Especial Trabalho Temporário: oportunidade em tempos de desafios

Você sabia que o trabalhador temporário recebe o mesmo salário de um empregado permanente, tem direitos trabalhistas como fundo de garantia, 13º e férias proporcionais e contribui para aposentadoria? Essas e outras informações constam dessa matéria especial, que trata do trabalhador contratado por meio de uma agência para suprir, por um período máximo de 180 dias, prorrogável por mais 90, uma demanda complementar ou substituir pessoal de uma empresa.

Essa modalidade de contratação é bastante utilizada em demandas sazonais no comércio, como Páscoa, Dia das Mães, Dia dos Namorados, Dia das Crianças, Black Friday e Natal. Em 2020, o interesse em contratar trabalhadores temporários teve mais uma motivação: as circunstâncias excepcionais decorrentes da pandemia da Covid-19.

O que é trabalho temporário?

Segundo a legislação, o trabalho temporário é prestado por pessoa física, contratada por uma empresa de trabalho temporário, que a coloca à disposição de uma empresa tomadora de serviços ou cliente, para atender à necessidade de substituição transitória de pessoal permanente ou à demanda complementar de serviços.

Instituído no Brasil pela Lei 6.019/1974, o trabalho temporário foi regulamentado pelo Decreto 10.060/2019, que alterou algumas regras, como o prazo do contrato, que era de três meses e passou a ser de 180 dias. O decreto também deixou claro que a necessidade contínua ou permanente ou a decorrente de abertura de filiais não é considerada demanda complementar.

Agências

As empresas de mão de obra temporária, ou agências, são registradas no Ministério da Economia.
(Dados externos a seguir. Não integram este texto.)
definition poly_op ::
  "nat \<Rightarrow> (complex \<Rightarrow> 'h::ab_group_add \<Rightarrow> 'h) \<Rightarrow> ((nat \<Rightarrow> nat) \<Rightarrow> complex) \<Rightarrow>
   (nat \<Rightarrow> ((nat \<Rightarrow> nat) \<Rightarrow> 'h) \<Rightarrow> ((nat \<Rightarrow> nat) \<Rightarrow> 'h)) \<Rightarrow>
   ((nat \<Rightarrow> nat) \<Rightarrow> 'h) \<Rightarrow> ((nat \<Rightarrow> nat) \<Rightarrow> 'h)" where
  "poly_op d sm c T x = (\<lambda>\<beta>. \<Sum>\<alpha>\<in>{\<alpha>. c \<alpha> \<noteq> 0}. sm (c \<alpha>) (mono_op T \<alpha> d x \<beta>))"

end

theory Submission
  imports Defs "HOL-Library.Function_Algebras"
begin

text \<open>The commutation relations make the composite \<open>U \<beta>\<close> of the weights along a lattice path
  from \<open>0\<close> to \<open>\<beta>\<close> independent of the path; it is unitary and satisfies
  \<open>A j \<beta> \<circ> U \<beta> = U (\<beta> + \<epsilon> j)\<close>. So the diagonal unitary \<open>W = diag (U \<beta>)\<close> intertwines
  \<open>T j\<close> with the shift \<open>S j\<close> with identity weights, and it suffices to bound \<open>p(S)\<close>, which
  is convolution with the coefficients of \<open>p\<close>. For data supported in a box of side \<open>K\<close>, the
  discrete Fourier transform on \<open>{0..L-1}^d\<close> with \<open>L \<ge> 2 K\<close> turns this convolution, without
  wrap-around, into multiplication by \<open>p\<close> at the points of the torus whose coordinates are
  \<open>L\<close>-th roots of unity. Parseval's identity then bounds it by \<open>sup |p|\<close> on the torus,
  which radial limits bound by the supremum over the open polydisc, and truncation extends the
  estimate from finitely supported data to all of \<open>l2H\<close>.\<close>

locale complex_semi_inner =
  fixes sm :: "complex \<Rightarrow> 'h::ab_group_add \<Rightarrow> 'h" and ip :: "'h \<Rightarrow> 'h \<Rightarrow> complex"
  assumes sm_assoc: "sm a (sm b x) = sm (a * b) x"
    and sm_add_right: "sm a (x + y) = sm a x + sm a y"
    and sm_add_left: "sm (a + b) x = sm a x + sm b x"
    and ip_add_left: "ip (x + y) z = ip x z + ip y z"
    and ip_sm_left: "ip (sm a x) y = a * ip x y"
    and ip_conj: "ip y x = cnj (ip x y)"
    and ip_self_nonneg: "0 \<le> Re (ip x x)"
begin

lemma sm_zero_right [simp]: "sm a 0 = 0"
  using sm_add_right[of a 0 0] by simp

lemma sm_zero_left [simp]: "sm 0 x = 0"
  using sm_add_left[of 0 0 x] by simp

lemma sm_sum_right: "sm a (sum f S) = (\<Sum>i\<in>S. sm a (f i))"
  by (induction S rule: infinite_finite_induct) (auto simp: sm_add_right)

lemma sm_sum_left: "sm (sum f S) x = (\<Sum>i\<in>S. sm (f i) x)"
  by (induction S rule: infinite_finite_induct) (auto simp: sm_add_left)

lemma ip_zero_left [simp]: "ip 0 y = 0"
  using ip_add_left[of 0 0 y] by simp

lemma hnorm_zero [simp]: "hnorm ip 0 = 0"
  by (simp add: hnorm_def)

lemma ip_sum_left: "ip (sum f S) y = (\<Sum>i\<in>S. ip (f i) y)"
  by (induction S rule: infinite_finite_induct) (auto simp: ip_add_left)

lemma ip_sum_right: "ip y (sum f S) = (\<Sum>i\<in>S. ip y (f i))"
  by (subst ip_conj) (simp add: ip_sum_left ip_conj[of y])

lemma ip_sm_right: "ip x (sm a y) = cnj a * ip x y"
  by (subst ip_conj) (simp add: ip_sm_left ip_conj[of x])

lemma hnorm_power2: "(hnorm ip x)\<^sup>2 = Re (ip x x)"
  unfolding hnorm_def using ip_self_nonneg by simp

lemma hnorm_sm: "hnorm ip (sm a x) = cmod a * hnorm ip x"
proof -
  have "ip (sm a x) (sm a x) = (a * cnj a) * ip x x"
    by (simp add: ip_sm_left ip_sm_right mult_ac)
  also have "a * cnj a = of_real ((cmod a)\<^sup>2)"
    by (rule complex_norm_square[symmetric])
  finally show ?thesis
    unfolding hnorm_def by (simp add: real_sqrt_mult)
qed

end

lemma complex_hilbert_space_semi_inner:
  "complex_hilbert_space sm ip \<Longrightarrow> complex_semi_inner sm ip"
  unfolding complex_hilbert_space_def complex_semi_inner_def by (elim conjE) (intro conjI; blast)

lemma
  assumes "unitary_op sm ip U"
  shows unitary_op_add: "U (x + y) = U x + U y"
    and unitary_op_sm: "U (sm a x) = sm a (U x)"
    and unitary_op_surj: "surj U"
    and hnorm_unitary_op: "hnorm ip (U x) = hnorm ip x"
  using assms unfolding unitary_op_def clinear_op_def hnorm_def by auto

lemma unitary_op_zero: "unitary_op sm ip U \<Longrightarrow> U 0 = 0"
  using unitary_op_add[of sm ip U 0 0] by simp

lemma unitary_op_sum: "unitary_op sm ip U \<Longrightarrow> U (sum f S) = (\<Sum>i\<in>S. U (f i))"
  by (induction S rule: infinite_finite_induct) (auto simp: unitary_op_zero unitary_op_add)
Elas são responsáveis por selecionar e fornecer empregados a um tomador de serviços que precisa contratar alguém por um período curto. Isso é feito por meio de um contrato civil de prestação de serviço entre agência e empresa, com regras estabelecidas nos artigos 9º da Lei 6.019/1974 e 32 do Decreto 10.060/2019.

Compete à agência remunerar e assistir os trabalhadores temporários em relação a seus direitos. Ela é obrigada a anotar, na Carteira de Trabalho e Previdência Social ou em meio eletrônico que a substitua, a condição de trabalhador temporário. Também tem de apresentar ao agente da fiscalização o contrato de trabalho, a comprovação do recolhimento das contribuições previdenciárias e os demais documentos comprobatórios do cumprimento das obrigações estabelecidas no Decreto 10.060/19.

A agência é proibida de contratar estrangeiro com visto provisório de permanência no país e de cobrar do trabalhador temporário qualquer importância, mesmo a título de mediação de mão de obra. Essa infração importa o cancelamento do registro de funcionamento, além de possíveis sanções administrativas e penais.

Tomadora de serviços ou cliente

Apesar da inexistência de vínculo empregatício, a tomadora de serviço estenderá ao trabalhador temporário o mesmo salário e o atendimento médico, ambulatorial e de refeição destinado aos seus empregados. Também é sua responsabilidade garantir as condições de segurança, higiene e salubridade do local de trabalho. Além disso, é ela que exerce o poder técnico, disciplinar e diretivo sobre os trabalhadores temporários colocados à sua disposição.

Prazo

Antes da alteração realizada pelo Decreto 10.060/2019, o prazo máximo de contrato temporário estabelecido pela Lei 6.019/74 era de três meses. O artigo 25 do decreto aumentou-o para 180 dias corridos, independentemente de a prestação de serviço ocorrer em dias consecutivos ou não. Se comprovada a manutenção das condições que justificaram a contratação temporária, o contrato poderá ser prorrogado apenas uma vez, por até 90 dias corridos, consecutivos ou não.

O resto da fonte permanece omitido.